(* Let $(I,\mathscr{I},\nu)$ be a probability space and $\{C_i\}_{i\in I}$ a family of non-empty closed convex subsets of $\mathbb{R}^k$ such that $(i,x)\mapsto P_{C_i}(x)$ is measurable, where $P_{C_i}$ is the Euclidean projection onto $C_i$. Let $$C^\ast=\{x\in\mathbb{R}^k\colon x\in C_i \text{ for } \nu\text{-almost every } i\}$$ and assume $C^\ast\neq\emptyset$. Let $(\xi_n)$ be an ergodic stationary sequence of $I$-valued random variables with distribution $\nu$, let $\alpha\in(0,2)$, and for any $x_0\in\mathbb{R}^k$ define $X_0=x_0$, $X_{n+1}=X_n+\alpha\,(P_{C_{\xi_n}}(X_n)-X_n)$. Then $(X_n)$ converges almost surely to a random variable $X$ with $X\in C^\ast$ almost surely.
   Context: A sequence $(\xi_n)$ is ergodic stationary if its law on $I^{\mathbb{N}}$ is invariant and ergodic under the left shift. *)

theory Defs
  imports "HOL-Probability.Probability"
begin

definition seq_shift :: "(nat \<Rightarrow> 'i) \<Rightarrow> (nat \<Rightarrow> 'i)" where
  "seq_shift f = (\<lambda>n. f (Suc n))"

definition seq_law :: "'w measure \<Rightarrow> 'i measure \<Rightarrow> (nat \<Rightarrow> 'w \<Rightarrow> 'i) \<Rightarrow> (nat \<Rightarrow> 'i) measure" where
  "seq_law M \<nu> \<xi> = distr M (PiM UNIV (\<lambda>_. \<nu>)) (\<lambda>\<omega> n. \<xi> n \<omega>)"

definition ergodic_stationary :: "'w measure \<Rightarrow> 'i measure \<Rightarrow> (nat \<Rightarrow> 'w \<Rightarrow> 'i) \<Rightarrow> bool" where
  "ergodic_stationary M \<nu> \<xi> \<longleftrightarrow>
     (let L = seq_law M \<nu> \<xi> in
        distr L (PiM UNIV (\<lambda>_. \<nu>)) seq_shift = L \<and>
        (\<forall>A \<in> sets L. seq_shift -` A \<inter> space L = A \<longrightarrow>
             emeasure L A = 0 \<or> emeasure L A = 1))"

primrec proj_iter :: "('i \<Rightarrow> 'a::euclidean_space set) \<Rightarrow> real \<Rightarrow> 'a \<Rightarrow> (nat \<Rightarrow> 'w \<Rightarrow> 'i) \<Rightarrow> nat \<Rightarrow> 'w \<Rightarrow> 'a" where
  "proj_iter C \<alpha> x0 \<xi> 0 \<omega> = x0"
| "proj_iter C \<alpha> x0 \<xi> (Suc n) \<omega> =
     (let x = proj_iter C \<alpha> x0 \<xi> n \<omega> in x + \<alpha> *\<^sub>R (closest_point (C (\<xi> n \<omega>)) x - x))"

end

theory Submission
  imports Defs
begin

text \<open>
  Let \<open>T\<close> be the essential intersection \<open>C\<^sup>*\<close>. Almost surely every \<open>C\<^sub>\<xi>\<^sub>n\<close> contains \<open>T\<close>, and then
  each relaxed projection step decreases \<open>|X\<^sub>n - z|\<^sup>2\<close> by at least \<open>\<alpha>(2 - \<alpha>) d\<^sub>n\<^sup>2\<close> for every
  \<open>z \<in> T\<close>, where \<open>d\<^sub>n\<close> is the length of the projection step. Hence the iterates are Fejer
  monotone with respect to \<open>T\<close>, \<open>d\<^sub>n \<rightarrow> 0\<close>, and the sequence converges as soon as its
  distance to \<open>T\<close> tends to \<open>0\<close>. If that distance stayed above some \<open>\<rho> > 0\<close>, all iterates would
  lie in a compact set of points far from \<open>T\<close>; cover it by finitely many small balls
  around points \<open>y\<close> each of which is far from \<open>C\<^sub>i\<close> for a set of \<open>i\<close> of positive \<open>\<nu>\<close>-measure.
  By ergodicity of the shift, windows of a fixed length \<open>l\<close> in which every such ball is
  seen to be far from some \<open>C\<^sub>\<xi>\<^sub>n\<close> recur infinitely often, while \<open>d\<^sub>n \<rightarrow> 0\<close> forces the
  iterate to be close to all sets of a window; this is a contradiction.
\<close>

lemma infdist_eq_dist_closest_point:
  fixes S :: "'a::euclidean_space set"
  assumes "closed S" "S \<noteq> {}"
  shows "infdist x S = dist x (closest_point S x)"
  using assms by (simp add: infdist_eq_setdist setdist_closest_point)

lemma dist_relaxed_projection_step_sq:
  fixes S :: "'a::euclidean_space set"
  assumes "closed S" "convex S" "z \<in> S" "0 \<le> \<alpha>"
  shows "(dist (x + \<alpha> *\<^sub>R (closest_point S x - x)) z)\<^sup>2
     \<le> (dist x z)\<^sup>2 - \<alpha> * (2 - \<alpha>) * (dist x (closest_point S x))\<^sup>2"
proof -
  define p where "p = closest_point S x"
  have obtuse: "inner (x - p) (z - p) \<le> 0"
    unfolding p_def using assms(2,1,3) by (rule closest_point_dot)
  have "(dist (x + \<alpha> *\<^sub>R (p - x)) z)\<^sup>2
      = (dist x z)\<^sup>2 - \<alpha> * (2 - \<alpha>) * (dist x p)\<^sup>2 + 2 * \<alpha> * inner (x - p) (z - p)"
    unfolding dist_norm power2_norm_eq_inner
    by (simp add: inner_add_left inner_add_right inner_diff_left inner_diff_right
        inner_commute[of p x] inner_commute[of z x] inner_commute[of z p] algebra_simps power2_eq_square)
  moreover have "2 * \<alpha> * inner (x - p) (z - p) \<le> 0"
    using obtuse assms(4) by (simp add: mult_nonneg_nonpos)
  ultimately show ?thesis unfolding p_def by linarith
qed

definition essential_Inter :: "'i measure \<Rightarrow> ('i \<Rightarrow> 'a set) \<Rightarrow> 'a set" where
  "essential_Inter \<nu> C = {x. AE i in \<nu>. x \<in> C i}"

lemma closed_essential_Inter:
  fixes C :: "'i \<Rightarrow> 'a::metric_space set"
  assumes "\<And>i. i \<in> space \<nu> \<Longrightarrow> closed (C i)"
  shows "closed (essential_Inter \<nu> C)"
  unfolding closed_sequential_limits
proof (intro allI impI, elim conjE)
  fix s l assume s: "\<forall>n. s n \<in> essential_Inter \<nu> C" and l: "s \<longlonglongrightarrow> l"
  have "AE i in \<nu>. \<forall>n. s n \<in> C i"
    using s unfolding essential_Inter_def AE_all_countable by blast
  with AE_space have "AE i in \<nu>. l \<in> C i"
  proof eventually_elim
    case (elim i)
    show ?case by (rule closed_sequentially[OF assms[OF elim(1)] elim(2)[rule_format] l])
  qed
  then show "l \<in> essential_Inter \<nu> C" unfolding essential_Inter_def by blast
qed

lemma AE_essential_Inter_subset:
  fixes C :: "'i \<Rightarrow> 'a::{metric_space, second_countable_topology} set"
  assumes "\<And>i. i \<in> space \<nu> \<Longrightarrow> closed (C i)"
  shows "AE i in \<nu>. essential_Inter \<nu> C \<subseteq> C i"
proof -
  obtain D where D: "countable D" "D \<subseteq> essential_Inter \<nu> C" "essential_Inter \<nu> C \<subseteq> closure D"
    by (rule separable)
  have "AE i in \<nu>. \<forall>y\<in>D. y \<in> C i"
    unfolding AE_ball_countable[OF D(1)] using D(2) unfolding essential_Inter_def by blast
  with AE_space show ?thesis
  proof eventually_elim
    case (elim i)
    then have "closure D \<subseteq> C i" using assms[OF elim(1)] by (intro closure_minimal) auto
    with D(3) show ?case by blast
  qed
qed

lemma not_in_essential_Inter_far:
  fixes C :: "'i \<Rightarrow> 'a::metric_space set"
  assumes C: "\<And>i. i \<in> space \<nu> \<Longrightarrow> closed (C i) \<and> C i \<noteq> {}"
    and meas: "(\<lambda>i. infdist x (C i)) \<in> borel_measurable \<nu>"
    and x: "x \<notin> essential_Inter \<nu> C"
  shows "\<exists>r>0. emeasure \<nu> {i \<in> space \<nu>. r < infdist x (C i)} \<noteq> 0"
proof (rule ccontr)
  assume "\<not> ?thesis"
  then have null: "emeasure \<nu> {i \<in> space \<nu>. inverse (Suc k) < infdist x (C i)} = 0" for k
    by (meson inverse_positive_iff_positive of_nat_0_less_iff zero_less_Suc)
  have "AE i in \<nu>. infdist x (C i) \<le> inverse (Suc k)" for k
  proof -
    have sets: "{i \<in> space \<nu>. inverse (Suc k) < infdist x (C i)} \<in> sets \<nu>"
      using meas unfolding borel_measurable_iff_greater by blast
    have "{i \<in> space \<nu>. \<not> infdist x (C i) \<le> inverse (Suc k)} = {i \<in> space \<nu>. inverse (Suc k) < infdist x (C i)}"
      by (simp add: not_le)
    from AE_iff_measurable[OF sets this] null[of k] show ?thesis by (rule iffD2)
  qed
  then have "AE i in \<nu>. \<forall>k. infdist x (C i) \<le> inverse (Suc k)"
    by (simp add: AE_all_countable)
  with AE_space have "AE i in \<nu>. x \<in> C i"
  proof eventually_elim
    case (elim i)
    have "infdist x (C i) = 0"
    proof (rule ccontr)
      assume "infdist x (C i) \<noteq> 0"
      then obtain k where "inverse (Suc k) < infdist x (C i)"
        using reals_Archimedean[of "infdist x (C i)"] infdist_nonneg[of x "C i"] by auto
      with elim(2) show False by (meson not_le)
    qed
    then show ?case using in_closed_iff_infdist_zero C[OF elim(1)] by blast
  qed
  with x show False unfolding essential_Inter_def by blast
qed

__________

| PROBLEM TO SOLVE |
Where the listing above reaches the line that contains "iterate to be", start retyping, and finish with the line that contains "define p where"; reproduce those lines exactly and no others.

| FINISHED TASK |
  iterate to be close to all sets of a window; this is a contradiction.
\<close>

lemma infdist_eq_dist_closest_point:
  fixes S :: "'a::euclidean_space set"
  assumes "closed S" "S \<noteq> {}"
  shows "infdist x S = dist x (closest_point S x)"
  using assms by (simp add: infdist_eq_setdist setdist_closest_point)

lemma dist_relaxed_projection_step_sq:
  fixes S :: "'a::euclidean_space set"
  assumes "closed S" "convex S" "z \<in> S" "0 \<le> \<alpha>"
  shows "(dist (x + \<alpha> *\<^sub>R (closest_point S x - x)) z)\<^sup>2
     \<le> (dist x z)\<^sup>2 - \<alpha> * (2 - \<alpha>) * (dist x (closest_point S x))\<^sup>2"
proof -
  define p where "p = closest_point S x"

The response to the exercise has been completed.